La crítica a la cultura de la oligarquía no es ociosa. Es una de las armas que deterioran su preponderancia política, y el paso previo para una reforma de la educación, encaminada a desvanecer la imagen de una Argentina agropecuaria, inducida desde la escuela, a varias generaciones de argentinos. Esta cultura es una fracción del dominio imperialista. De ahí que en las horas que adelantan la liberación de un pueblo, la conciencia histórica, en sus escritores auténticos, muestra una doble arista, de un lado, es conocimiento del pasado, y simultáneamente, conciencia revolucionaria actual, vale decir, troquelamiento racional con el porvenir de la nación, que no implica una fractura histórica, sino una prosecución, donde la inteligencia nacional retorna al pasado, no para estancarse en la edad de oro perdida para siempre de la clase terrateniente, sino para superarlo, tomando de ese pretérito enmudecido por la oligarquía, los elementos vivos en el pueblo que fortalecen las exigencias revolucionarias del presente. Tal conciencia histórica, al acometer al patriciado, no propone deshacerse del pasado, sino ponerlo sobre sus pies, ya que la negación del pasado sería cegar las fuentes de la comunidad nacional en las que las tendencias espontáneas y profundas del pueblo se alimentan. Al pasado arcadiano de la oligarquía, el espíritu revolucionario opone el pasado real que descarna a ese ideal de todo romanticismo, y lo exhibe a la luz de la verdad histórica, como la codificación espiritual de los privilegios de una clase. Esta conciencia histórica, segura de sí misma, tiende a identificarse con los valores soterrados de la vida del pueblo. La conciencia histórica, refuta lo que del pasado, una clase declinante pretende mantener en vigencia contra el desarrollo nacional, y ubica a esa clase, ahora antinacional, dentro de la totalidad de la historia argentina. Sabe bien, la conciencia histórica, que: “Todas las fases históricas sucesivas no son sino etapas en la marcha de la evolución y progreso de la historia humana. Cada fase es necesaria y por lo tanto legítima para la época y circunstancias a las cuales debe su existencia, aunque resulte caduca y pierda su razón de ser ante condiciones nuevas y superiores que se desarrollan paulatinamente en su seno” (HEGEL), La conciencia histórica no niega a la oligarquía como pasado. La niega como presente. Y averigua y enhebra las causas que desde ese ayer han ido marcando gradualmente su actual decadencia nacional.
La autonomía cultural que se postula en los escritos de los pensadores más nacionales florece sobre los ensayos de independencia económica, o mejor aun, en los períodos precursores de la liberación, al tiempo que, en estas etapas, recrudece la defensa de la cultura europea contra la reivindicación de la nativa de parte de los intelectuales subordinados de la oligarquía, verdaderos beocios culturales en la medida que niegan la cultura nacional en nombre de la cultura extranjera.

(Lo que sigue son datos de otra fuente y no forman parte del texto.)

lemma dual_pairing_sum: "dual_pairing c s v u (\<Sum>k<(m::nat). X k) = (\<Sum>k<m. dual_pairing c s v u (X k))"
  by (induction m) (simp_all add: dual_pairing_add, simp add: dual_pairing_def)

lemma dual_pairing_tensor_eq_0:
  assumes "B$0$2 = 0" "B$2$0 = 0" "B$0$0 + complex_of_real c * B$1$1 = 0"
    "complex_of_real s * B$1$1 + B$2$2 = 0"
  shows "dual_pairing c s v u (tensor B Z) = 0"
proof -
  have "B$0$0 = - complex_of_real c * B$1$1" "B$2$2 = - complex_of_real s * B$1$1"
    using assms(3,4) by (simp_all add: eq_neg_iff_add_eq_0 add.commute)
  with assms(1,2) show ?thesis
    unfolding dual_pairing_def of_real_mult by (simp add: algebra_simps)
qed

lemma dual_pairing_tensor_one:
  "dual_pairing c s v u (tensor (mat 1) \<rho>) =
     complex_of_real ((1 + c) * v) * (\<rho>$0$0 + \<rho>$1$1) + complex_of_real ((1 + s) * u) * \<rho>$2$2"
  unfolding dual_pairing_def by (simp add: algebra_simps)

text \<open>\<open>Y - |\<Phi>\<rangle>\<langle>\<Phi>|\<close> is \<open>(1/c)|q\<rangle>\<langle>q|\<close> plus a diagonal, with \<open>q = |00\<rangle> - c|11\<rangle> + |22\<rangle>\<close>.\<close>
definition slack_vec :: "real \<Rightarrow> complex^(3 \<times> 3)" where
  "slack_vec c = (\<chi> p. if p = (0,0) \<or> p = (2,2) then 1 else if p = (1,1) then - complex_of_real c else 0)"

lemma expect_slack_vec:
  "expect (slack_vec c) X = X$(0,0)$(0,0) + complex_of_real (c * c) * X$(1,1)$(1,1) + X$(2,2)$(2,2)
     - complex_of_real c * (X$(0,0)$(1,1) + X$(1,1)$(0,0)) + X$(0,0)$(2,2) + X$(2,2)$(0,0)
     - complex_of_real c * (X$(1,1)$(2,2) + X$(2,2)$(1,1))"
  unfolding expect_def slack_vec_def by (simp add: sum_3x3_from_0 algebra_simps)

lemma dual_pairing_minus_expect_Phi:
  assumes "c \<noteq> 0" "v = 1 + 1 / c"
  shows "dual_pairing c s v u X - expect Phi X =
     complex_of_real (1 / c) * expect (slack_vec c) X + complex_of_real v * X$(0,1)$(0,1)
   + complex_of_real (c * v) * X$(1,0)$(1,0) + complex_of_real (s * u) * X$(1,2)$(1,2)
   + complex_of_real (u - v) * X$(2,2)$(2,2)"
proof -
  define ic where "ic = complex_of_real (1 / c)"
  have "ic * complex_of_real c = 1" "complex_of_real v = 1 + ic"
    using assms by (simp_all add: ic_def)
  then show ?thesis
    unfolding dual_pairing_def expect_Phi_3 expect_slack_vec of_real_mult of_real_diff
      ic_def[symmetric]
    by (simp add: algebra_simps) algebra
qed

lemma expect_Phi_le_dual_pairing:
  assumes "psd X" "0 < c" "0 \<le> s" "v = 1 + 1 / c" "v \<le> u"
  shows "Re (expect Phi X) \<le> Re (dual_pairing c s v u X)"
proof -
  have "0 \<le> v"
    using assms(2,4) by simp
  moreover from this have "0 \<le> u" "0 \<le> c * v" "0 \<le> s * u"
    using assms(2,3,5) by simp_all
  moreover have "0 \<le> expect x X" "0 \<le> X $ p $ p" for x p
    using assms(1) by (simp_all add: psd_iff_expect_nonneg psd_diagonal_nonneg)
  moreover have "c \<noteq> 0"
    using assms(2) by simp
  note slack = dual_pairing_minus_expect_Phi[OF this assms(4)]
  ultimately have "0 \<le> dual_pairing c s v u X - expect Phi X"
    unfolding slack using assms(2,5) by (intro add_nonneg_nonneg of_real_mult_nonneg) simp_all
  then show ?thesis
    by (simp add: less_eq_complex_def)
qed

lemma feasible_value_le:
  assumes a: "0 < a" "a \<le> pi / 4"
    and T: "T \<in> tensor_space (hs_orth (ncgraph {E_op a, D_op a})) UNIV"
    and tr: "ctrace \<rho> = 1" and psd: "psd (tensor (mat 1) \<rho> + T)"
  shows "Re (expect Phi (tensor (mat 1) \<rho> + T)) \<le> 2 + (cos a)\<^sup>2 + 1 / (cos a)\<^sup>2"
proof -
  define c where "c = (cos a)\<^sup>2"
  define s where "s = (sin a)\<^sup>2"
  define L where "L = 2 + c + 1 / c"
  define v where "v = 1 + 1 / c"
  define u where "u = L / (1 + s)"
  have "0 < c" "0 \<le> s" "s \<le> c"
    using trig_bounds_upto_pi_quarter[OF a] by (simp_all add: c_def s_def)
  have Lv: "(1 + c) * v = L"
    using \<open>0 < c\<close> unfolding L_def v_def by (simp add: field_simps)
  have Lu: "(1 + s) * u = L"
    using \<open>0 \<le> s\<close> unfolding u_def by simp
  have "v = L / (1 + c)"
    using Lv \<open>0 < c\<close> by (simp add: field_simps)
  also have "\<dots> \<le> u"
    unfolding u_def L_def using \<open>0 < c\<close> \<open>0 \<le> s\<close> \<open>s \<le> c\<close> by (intro frac_le) simp_all
  finally have "v \<le> u" .
  obtain m :: nat and Bs Zs where T_sum: "T = (\<Sum>k<m. tensor (Bs k) (Zs k))"
    and Bs: "\<forall>k<m. Bs k \<in> hs_orth (ncgraph {E_op a, D_op a})"
    using T unfolding tensor_space_def mem_Collect_eq by blast
  have "dual_pairing c s v u T = 0"
    unfolding T_sum dual_pairing_sum using Bs
    by (intro sum.neutral ballI dual_pairing_tensor_eq_0)
      (simp_all add: hs_orth_ncgraph_E_D_iff c_def s_def)
  moreover have "dual_pairing c s v u (tensor (mat 1) \<rho>) = complex_of_real L * ctrace \<rho>"
    unfolding dual_pairing_tensor_one Lv Lu ctrace_def sum_3_from_0 by (simp add: algebra_simps)
  ultimately have "Re (dual_pairing c s v u (tensor (mat 1) \<rho> + T)) = L"
    using tr by (simp add: dual_pairing_add)
  with expect_Phi_le_dual_pairing[OF psd \<open>0 < c\<close> \<open>0 \<le> s\<close> v_def \<open>v \<le> u\<close>] show ?thesis
    by (simp add: L_def c_def)
qed
(* Let $2n$ nodes be placed independently and uniformly at random in a rectangle of dimensions $2\sqrt{A}\times\sqrt{A}$, and let $c$ be a constant independent of $n$ and $A$ with $0<c<1/(7\sqrt{e})$. Then, with probability tending to $1$ as $n\to\infty$, there exists a cut with the following properties: (i) the cut is a curve running from the top side to the bottom side of the rectangle, separating it into a left part and a right part; it need not be a straight line; (ii) it lies within a vertical slab of width $L = c\sqrt{A/n}\,\log n$ located in the middle of the rectangle; (iii) no node lies at distance smaller than $\frac{c}{2}\sqrt{A/n}$ from the cut, on either side. *)

theory Defs
  imports "HOL-Probability.Probability"
begin

text \<open>Top side: y = sqrt A; bottom side: y = 0;
  left side: x = 0; right side: x = 2 sqrt A.\<close>
definition rect :: "real \<Rightarrow> (real \<times> real) set" where
  "rect A = cbox (0, 0) (2 * sqrt A, sqrt A)"

definition node_space :: "real \<Rightarrow> nat \<Rightarrow> (nat \<Rightarrow> real \<times> real) measure" where
  "node_space A n = PiM {..<2 * n} (\<lambda>_. uniform_measure lborel (rect A))"

definition is_cut :: "real \<Rightarrow> (real \<Rightarrow> real \<times> real) \<Rightarrow> bool" where
  "is_cut A \<gamma> \<longleftrightarrow>
     path \<gamma> \<and> path_image \<gamma> \<subseteq> rect A \<and>
     snd (pathstart \<gamma>) = sqrt A \<and> snd (pathfinish \<gamma>) = 0 \<and>
     (\<forall>g. path g \<and> path_image g \<subseteq> rect A \<and> fst (pathstart g) = 0 \<and>
          fst (pathfinish g) = 2 * sqrt A \<longrightarrow> path_image g \<inter> path_image \<gamma> \<noteq> {})"
text \<open>As bil k n n = sgnb k for the unit normal n, the left-hand side is the component of the
  acceleration normal to M.\<close>
lemma normal_acceleration:
  assumes "C2_curve \<gamma>" "\<forall>s. \<gamma> s \<in> model k" "\<forall>s. bil k (tangent \<gamma> s) (tangent \<gamma> s) = 1"
  shows "(sgnb k * bil k (unit_normal k (\<gamma> s)) (acceleration \<gamma> s)) *\<^sub>R unit_normal k (\<gamma> s)
       = - k *\<^sub>R \<gamma> s"
proof (cases "k = 0")
  case True
  have "\<forall>s. tangent \<gamma> s $ 3 = 0"
    using bil_unit_normal_tangent[OF assms(1,2)] True
    by (simp add: unit_normal_def bil_def axis_def sgnb_def)
  moreover have "((\<lambda>x. tangent \<gamma> x $ 3) has_real_derivative acceleration \<gamma> s $ 3) (at s)"
    by (rule has_real_derivative_nth[OF C2_curve_has_vector_derivative(2)[OF assms(1)]])
  ultimately have "acceleration \<gamma> s $ 3 = 0"
    using has_real_derivative_of_constant_eq_0 by blast
  then show ?thesis using True by (simp add: unit_normal_def bil_def axis_def)
next
  case False
  note d = C2_curve_has_vector_derivative[OF assms(1)]
  have "\<forall>s. bil k (\<gamma> s) (tangent \<gamma> s) = 0"
    using bil_unit_normal_tangent[OF assms(1,2)] False by (simp add: unit_normal_def)
  then have "bil k (tangent \<gamma> s) (tangent \<gamma> s) + bil k (\<gamma> s) (acceleration \<gamma> s) = 0"
    by (intro has_real_derivative_of_constant_eq_0[OF has_real_derivative_bil[OF d]]) blast
  then have "bil k (\<gamma> s) (acceleration \<gamma> s) = -1"
    using assms(3) by simp
  then show ?thesis
    using False by (simp add: unit_normal_def sgnb_def abs_if)
qed
lemma tv_dist_bind_map_Pair_le:
  fixes f :: "'a \<Rightarrow> real"
  assumes fin: "finite (set_pmf M)"
    and fin_DE: "\<And>x. x \<in> set_pmf M \<Longrightarrow> finite (set_pmf (D x)) \<and> finite (set_pmf (E x))"
    and le: "\<And>x. x \<in> set_pmf M \<Longrightarrow> tv_dist (D x) (E x) \<le> ennreal (f x)"
    and nonneg: "\<And>x. x \<in> set_pmf M \<Longrightarrow> 0 \<le> f x"
  shows "tv_dist (bind_pmf M (\<lambda>x. map_pmf (Pair x) (D x))) (bind_pmf M (\<lambda>x. map_pmf (Pair x) (E x)))
       \<le> ennreal (measure_pmf.expectation M f)"
proof -
  define S where "S x = set_pmf (D x) \<union> set_pmf (E x)" for x
  define d where "d x = (\<Sum>w\<in>S x. \<bar>pmf (D x) w - pmf (E x) w\<bar>)" for x
  let ?DE = "\<lambda>z. \<bar>pmf (bind_pmf M (\<lambda>x. map_pmf (Pair x) (D x))) z - pmf (bind_pmf M (\<lambda>x. map_pmf (Pair x) (E x))) z\<bar>"
  have S: "x \<in> set_pmf M \<Longrightarrow> finite (S x) \<and> set_pmf (D x) \<subseteq> S x \<and> set_pmf (E x) \<subseteq> S x" for x
    using fin_DE by (auto simp: S_def)
  have d_le: "d x \<le> f x" if "x \<in> set_pmf M" for x
  proof -
    have "ennreal (d x) \<le> ennreal (f x)"
      using le[OF that] S[OF that] tv_dist_finite[of "S x" "D x" "E x"] by (simp add: d_def)
    then show ?thesis using nonneg[OF that] by (simp add: ennreal_le_iff)
  qed
  have "(\<Sum>z\<in>Sigma (set_pmf M) S. ?DE z) = (\<Sum>x\<in>set_pmf M. \<Sum>w\<in>S x. ?DE (x, w))"
    using fin S by (subst sum.Sigma) auto
  also have "\<dots> = (\<Sum>x\<in>set_pmf M. pmf M x * d x)"
    by (simp add: pmf_bind_map_Pair d_def sum_distrib_left abs_mult right_diff_distrib[symmetric])
  also have "\<dots> \<le> (\<Sum>x\<in>set_pmf M. pmf M x * f x)"
    by (intro sum_mono mult_left_mono d_le) auto
  also have "\<dots> = measure_pmf.expectation M f"
    by (subst integral_measure_pmf[OF fin]) (auto simp: mult.commute)
  finally show ?thesis
    using fin S by (subst tv_dist_finite[of "Sigma (set_pmf M) S"]) (auto intro: ennreal_leI)
qed

section \<open>Soft covering\<close>

lemma set_pmf_of_set_lessThan: "K > 0 \<Longrightarrow> set_pmf (pmf_of_set {..<K}) = {..<(K::nat)}"
  by (intro set_pmf_of_set) auto

lemma pmf_uniform_mixture:
  assumes "length cb = K" "K > 0"
  shows "pmf (bind_pmf (pmf_of_set {..<K}) (\<lambda>k. Wc (cb ! k))) b = (\<Sum>z\<leftarrow>cb. pmf (Wc z) b) / K"
  using assms unfolding pmf_bind
  by (subst integral_pmf_of_set) (auto simp: sum_list_sum_nth atLeast0LessThan)

text \<open>Each channel probability is split into a part bounded by t times the output probability,
  whose empirical mean over the codebook concentrates, and an excess part.\<close>

lemma soft_covering:
  fixes \<mu> :: "'a pmf" and Wc :: "'a \<Rightarrow> 'b pmf"
  assumes fin: "finite (set_pmf \<mu>)" and finW: "\<And>a. a \<in> set_pmf \<mu> \<Longrightarrow> finite (set_pmf (Wc a))"
    and K: "K > 0" and t: "t > 0"
  defines "Q \<equiv> bind_pmf \<mu> Wc" and "B \<equiv> (\<Union>a\<in>set_pmf \<mu>. set_pmf (Wc a))"
  shows "measure_pmf.expectation (iid_pmf K \<mu>)
      (\<lambda>cb. \<Sum>b\<in>B. \<bar>pmf (bind_pmf (pmf_of_set {..<K}) (\<lambda>k. Wc (cb ! k))) b - pmf Q b\<bar>)
    \<le> sqrt (t / K) + 2 * measure_pmf.expectation \<mu>
        (\<lambda>a. \<Sum>b\<in>B. if pmf (Wc a) b > t * pmf Q b then pmf (Wc a) b else 0)"
proof -
  let ?E = "measure_pmf.expectation (iid_pmf K \<mu>)" and ?e = "measure_pmf.expectation \<mu>"
  define T where "T b a = (if pmf (Wc a) b > t * pmf Q b then 0 else pmf (Wc a) b)" for b a
  define U where "U b a = (if pmf (Wc a) b > t * pmf Q b then pmf (Wc a) b else 0)" for b a
  have finB: "finite B" using fin finW by (auto simp: B_def)
  have fin_K: "finite (set_pmf (iid_pmf K \<mu>))" using finite_set_iid_pmf[OF fin] .
  have TU: "T b a + U b a = pmf (Wc a) b" for a b by (simp add: T_def U_def)
  have Q: "pmf Q b = ?e (T b) + ?e (U b)" for b
    unfolding Q_def pmf_bind TU[symmetric] using fin
    by (simp add: Bochner_Integration.integral_add integrable_measure_pmf_finite)
  have T: "0 \<le> T b a" "T b a \<le> t * pmf Q b" and U: "0 \<le> U b a" for a b
    using t by (simp_all add: T_def U_def)
  have "?E (\<lambda>cb. \<Sum>b\<in>B. \<bar>pmf (bind_pmf (pmf_of_set {..<K}) (\<lambda>k. Wc (cb ! k))) b - pmf Q b\<bar>)
      = (\<Sum>b\<in>B. ?E (\<lambda>cb. \<bar>(\<Sum>z\<leftarrow>cb. T b z + U b z) / K - (?e (T b) + ?e (U b))\<bar>))"
    using fin_K K
    by (subst Bochner_Integration.integral_sum[symmetric])
       (auto intro!: sum.cong integral_cong_AE simp: integrable_measure_pmf_finite AE_measure_pmf_iff
         pmf_uniform_mixture length_of_set_iid_pmf TU Q[symmetric])
  also have "\<dots> \<le> (\<Sum>b\<in>B. sqrt (t / K) * sqrt (pmf Q b * ?e (T b)) + 2 * ?e (U b))"
    using expectation_empirical_mean_deviation[OF fin K T U]
    by (intro sum_mono) (simp add: real_sqrt_mult[symmetric] mult.assoc)
  also have "\<dots> \<le> sqrt (t / K) + 2 * (\<Sum>b\<in>B. ?e (U b))"
  proof -
    have "(\<Sum>b\<in>B. ?e (T b)) \<le> (\<Sum>b\<in>B. pmf Q b)"
      by (intro sum_mono) (simp add: Q U)
    moreover have "(\<Sum>b\<in>B. pmf Q b) \<le> 1"
      using sum_pmf_eq_1[OF finB] by (simp add: B_def Q_def)
    ultimately have "(\<Sum>b\<in>B. sqrt (pmf Q b * ?e (T b))) \<le> 1"
      by (intro sum_sqrt_mult_le_1) (auto simp: T)
    then have "sqrt (t / K) * (\<Sum>b\<in>B. sqrt (pmf Q b * ?e (T b))) \<le> sqrt (t / K)"
      using t by (intro mult_left_le) auto
    then show ?thesis
      by (simp add: sum.distrib sum_distrib_left[symmetric])
  qed
  also have "(\<Sum>b\<in>B. ?e (U b)) = ?e (\<lambda>a. \<Sum>b\<in>B. U b a)"
    using fin by (simp add: integrable_measure_pmf_finite)
  finally show ?thesis by (simp add: U_def)
qed

definition info_density :: "('x \<Rightarrow> 'v pmf) \<Rightarrow> ('x \<Rightarrow> 'v \<Rightarrow> 'w pmf) \<Rightarrow> 'x \<times> 'v \<times> 'w \<Rightarrow> real" where
  "info_density \<kappa> W = (\<lambda>(x, f, w). log 2 (pmf (W x f) w / pmf (bind_pmf (\<kappa> x) (W x)) w))"

lemma log_prod_ratio_gt:
  fixes a b :: "nat \<Rightarrow> real"
  assumes A: "finite A" and pos: "\<And>i. i \<in> A \<Longrightarrow> a i > 0 \<and> b i > 0" and t: "t > 0"
    and gt: "prod a A > t * prod b A"
  shows "(\<Sum>i\<in>A. log 2 (a i / b i)) > log 2 t"
proof -
  have "prod b A > 0" using pos by (simp add: prod_pos)
  then have "t < prod (\<lambda>i. a i / b i) A" using gt by (simp add: prod_dividef field_simps)
  then have "log 2 t < log 2 (prod (\<lambda>i. a i / b i) A)" using t by simp
  also have "\<dots> = (\<Sum>i\<in>A. log 2 (a i / b i))"
  proof -
    have "ln (prod (\<lambda>i. a i / b i) A) = (\<Sum>i\<in>A. ln (a i / b i))"
      using ln_prod[OF A, of "\<lambda>i. a i / b i"] pos by force
    then show ?thesis by (simp add: log_def sum_divide_distrib)
  qed
  finally show ?thesis .
qed

lemma info_density_gt_of_pmf_gt:
  assumes fs: "fs \<in> set_pmf (Pi_list_pmf (map \<kappa> xs))" and ws: "ws \<in> set_pmf (memoryless_channel W xs fs)"
    and t: "t > 0"
    and gt: "pmf (memoryless_channel W xs fs) ws > t * pmf (Pi_list_pmf (map (\<lambda>x. bind_pmf (\<kappa> x) (W x)) xs)) ws"
  shows "(\<Sum>z\<leftarrow>zip xs (zip fs ws). info_density \<kappa> W z) > log 2 t"
proof -
  define n where "n = length xs"
  have lf: "length fs = n" using length_of_set_Pi_list_pmf[OF fs] by (simp add: n_def)
  have lw: "length ws = n" using length_of_set_memoryless_channel[OF ws] lf by (simp add: n_def)
  define a where "a i = pmf (W (xs ! i) (fs ! i)) (ws ! i)" for i
  define b where "b i = pmf (bind_pmf (\<kappa> (xs ! i)) (W (xs ! i))) (ws ! i)" for i
  have "a i > 0 \<and> b i > 0" if "i < n" for i
  proof -
    have "fs ! i \<in> set_pmf (\<kappa> (xs ! i))"
      using nth_of_set_Pi_list_pmf[OF fs, of i] that by (simp add: n_def)
    moreover have "ws ! i \<in> set_pmf (W (xs ! i) (fs ! i))"
      using nth_of_set_Pi_list_pmf[OF ws[unfolded memoryless_channel_def], of i] that lf
      by (simp add: n_def)
    ultimately show ?thesis by (auto simp: a_def b_def set_bind_pmf intro!: pmf_positive)
  qed
  moreover have "pmf (memoryless_channel W xs fs) ws = prod a {..<n}"
    "pmf (Pi_list_pmf (map (\<lambda>x. bind_pmf (\<kappa> x) (W x)) xs)) ws = prod b {..<n}"
    using lf lw
    by (simp_all add: memoryless_channel_def pmf_Pi_list_pmf prod.list_conv_set_nth a_def b_def
        atLeast0LessThan n_def)
  ultimately have "log 2 t < (\<Sum>i<n. log 2 (a i / b i))"
    using t gt by (intro log_prod_ratio_gt) auto
  also have "\<dots> = (\<Sum>z\<leftarrow>zip xs (zip fs ws). info_density \<kappa> W z)"
    using lf lw by (simp add: sum_list_sum_nth atLeast0LessThan a_def b_def n_def info_density_def)
  finally show ?thesis .
qed

lemma sum_if_pmf_eq_prob:
  assumes "finite B" "set_pmf M \<subseteq> B"
  shows "(\<Sum>b\<in>B. if P b then pmf M b else 0) = measure_pmf.prob M {b. P b}"
proof -
  have "measure_pmf.prob M {b. P b} = measure_pmf.prob M {b\<in>B. P b}"
    using assms by (intro measure_eq_AE) (auto simp: AE_measure_pmf_iff)
  then show ?thesis
    using assms by (simp add: measure_measure_pmf_finite sum.inter_filter)
qed

lemma excess_mass_le_prob_info_density:
  assumes fs: "fs \<in> set_pmf (Pi_list_pmf (map \<kappa> xs))" and t: "t > 0"
    and B: "finite B" "set_pmf (memoryless_channel W xs fs) \<subseteq> B"
  shows "(\<Sum>b\<in>B. if pmf (memoryless_channel W xs fs) b > t * pmf (Pi_list_pmf (map (\<lambda>x. bind_pmf (\<kappa> x) (W x)) xs)) b
            then pmf (memoryless_channel W xs fs) b else 0)
    \<le> measure_pmf.prob (memoryless_channel W xs fs)
         {ws. log 2 t < (\<Sum>z\<leftarrow>zip xs (zip fs ws). info_density \<kappa> W z)}"
  unfolding sum_if_pmf_eq_prob[OF B]
  by (rule measure_pmf.finite_measure_mono_AE)
     (auto simp: AE_measure_pmf_iff intro: info_density_gt_of_pmf_gt[OF fs _ t])

lemma exists_codebook_for_sequence:
  assumes fin_\<kappa>: "\<And>x. x \<in> set xs \<Longrightarrow> finite (set_pmf (\<kappa> x))"
    and fin_W: "\<And>x f. finite (set_pmf (W x f))"
    and K: "K > 0" and t: "t > 0"
  defines "\<mu> \<equiv> Pi_list_pmf (map \<kappa> xs)"
  shows "\<exists>cb\<in>set_pmf (iid_pmf K \<mu>).
    tv_dist (bind_pmf (pmf_of_set {..<K}) (\<lambda>k. memoryless_channel W xs (cb ! k)))
            (Pi_list_pmf (map (\<lambda>x. bind_pmf (\<kappa> x) (W x)) xs))
    \<le> ennreal (sqrt (t / K) + 2 * measure_pmf.expectation \<mu> (\<lambda>fs. measure_pmf.prob (memoryless_channel W xs fs)
         {ws. log 2 t < (\<Sum>z\<leftarrow>zip xs (zip fs ws). info_density \<kappa> W z)}))"
proof -
  let ?Wc = "memoryless_channel W xs" and ?Q = "Pi_list_pmf (map (\<lambda>x. bind_pmf (\<kappa> x) (W x)) xs)"
  define B where "B = (\<Union>fs\<in>set_pmf \<mu>. set_pmf (?Wc fs))"
  have fin_\<mu>: "finite (set_pmf \<mu>)" unfolding \<mu>_def using fin_\<kappa> by (intro finite_set_Pi_list_pmf) auto
  have fin_Wc: "finite (set_pmf (?Wc fs))" for fs
    using fin_W by (rule finite_set_memoryless_channel)
  have Q: "?Q = bind_pmf \<mu> ?Wc" unfolding \<mu>_def by (rule bind_memoryless_channel[symmetric])
  have B: "finite B" "set_pmf ?Q \<subseteq> B" using fin_\<mu> fin_Wc by (auto simp: B_def Q)
  have "measure_pmf.expectation (iid_pmf K \<mu>)
      (\<lambda>cb. \<Sum>b\<in>B. \<bar>pmf (bind_pmf (pmf_of_set {..<K}) (\<lambda>k. ?Wc (cb ! k))) b - pmf ?Q b\<bar>)
    \<le> sqrt (t / K) + 2 * measure_pmf.expectation \<mu>
        (\<lambda>fs. \<Sum>b\<in>B. if pmf (?Wc fs) b > t * pmf ?Q b then pmf (?Wc fs) b else 0)"
    unfolding Q B_def by (rule soft_covering[OF fin_\<mu> fin_Wc K t])
  also have "\<dots> \<le> sqrt (t / K) + 2 * measure_pmf.expectation \<mu> (\<lambda>fs. measure_pmf.prob (?Wc fs)
         {ws. log 2 t < (\<Sum>z\<leftarrow>zip xs (zip fs ws). info_density \<kappa> W z)})"
  proof -
    have "(\<Sum>b\<in>B. if pmf (?Wc fs) b > t * pmf ?Q b then pmf (?Wc fs) b else 0)
        \<le> measure_pmf.prob (?Wc fs) {ws. log 2 t < (\<Sum>z\<leftarrow>zip xs (zip fs ws). info_density \<kappa> W z)}"
      if "fs \<in> set_pmf \<mu>" for fs
      using that t B(1) by (intro excess_mass_le_prob_info_density) (auto simp: \<mu>_def B_def)
    then show ?thesis
      using fin_\<mu> by (intro add_left_mono mult_left_mono integral_mono_AE)
        (auto simp: integrable_measure_pmf_finite AE_measure_pmf_iff)
  qed
  finally obtain cb where cb: "cb \<in> set_pmf (iid_pmf K \<mu>)" and
    le: "(\<Sum>b\<in>B. \<bar>pmf (bind_pmf (pmf_of_set {..<K}) (\<lambda>k. ?Wc (cb ! k))) b - pmf ?Q b\<bar>)
      \<le> sqrt (t / K) + 2 * measure_pmf.expectation \<mu> (\<lambda>fs. measure_pmf.prob (?Wc fs)
         {ws. log 2 t < (\<Sum>z\<leftarrow>zip xs (zip fs ws). info_density \<kappa> W z)})"
    using exists_in_set_pmf_le_expectation[OF finite_set_iid_pmf[OF fin_\<mu>]] by blast
  have "set_pmf (bind_pmf (pmf_of_set {..<K}) (\<lambda>k. ?Wc (cb ! k))) \<subseteq> B"
    using cb K by (auto simp: B_def set_pmf_of_set_lessThan iid_pmf_eq_Pi_list_pmf set_Pi_list_pmf list_all2_conv_all_nth)
  then show ?thesis
    using cb le B by (intro bexI[OF _ cb]) (simp add: tv_dist_finite[of B] ennreal_leI)
qed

Los orígenes del “ser nacional”
En este rastreo del “ser nacional” en el otrora, una de las falsificaciones que es necesario poner en descubierto, es el concepto de la oligarquía sobre España. El nacimiento de la nacionalidad no puede segregarse del período hispánico. La historiografía del liberalismo conservador ha procedido a la inversa. El país empieza en 1810. Desligar a estos pueblos de su largo pasado, ha sido una de las gras desfiguraciones históricas de la oligarquía mitrista que se aquilató en el poder en 1853. Esta clase es española por sus orígenes. Y hasta en su estilo de vida. Su posición frente a España, exige por lo tanto una explicación. El menosprecio hacia España arranca de los siglos xvii y xviii como parte de la política nacional de Inglaterra. Es un desprestigio de origen extranjero que se inicia con la traducción al inglés, muy difundida en la Europa de entonces, del libro de Bartolomé de las Casas Lágrimas de los indios: relación verídica e histórica de las crueles matanzas y asesinatos cometidos en veinte millones de gentes inocentes por los españoles. El título 1o dice todo. Un libelo. Con relación a esta publicación, J. C. J. Metford, recuerda que en la dedicatoria se invoca a Cronwell para “conducir sus ejércitos a la batalla contra la sanguinaria y papista nación de los españoles. La “leyenda negra” fue difundida por los ingleses como arbitrio político, en una época en que los Habsburgos mandaban sobre Europa y amenazaban a Inglaterra, entonces una potencia de segundo orden. Tales diatribas compartían un estado patriótico generalizado. Y fue registrado por poetas como Tennyson:
Los reinos de España
reino de los diablos, y
los perros de la Inquisición.
A la inversa, Lope de Vega, llamará a Isabel de Inglaterra “sanguinaria Jezabel”. Las contiendas religiosas del siglo xvii entre España católica y la Inglaterra disidente, enmascaraban la liza por el poder mundial, hasta entonces empuñado por España. La creciente expansión inglesa se atavió de puritanismo, del mismo modo que la decadencia española de fanatismo católico. En realidad, lo que estaba en juego era el próximo desplazamiento del poder naval. Todo esto se entiende por sí mismo. Más difícil es comprender —tan mezquina es la causa— que las oligarquías criollas después de la emancipación, en lugar de conservar sus orígenes, denigrasen sistemáticamente a España a partir de la segunda mitad del siglo xix para romper de este modo, no con España que ya no era un peligro, sino con ellas mismas desde el punto de vista del linaje nacional.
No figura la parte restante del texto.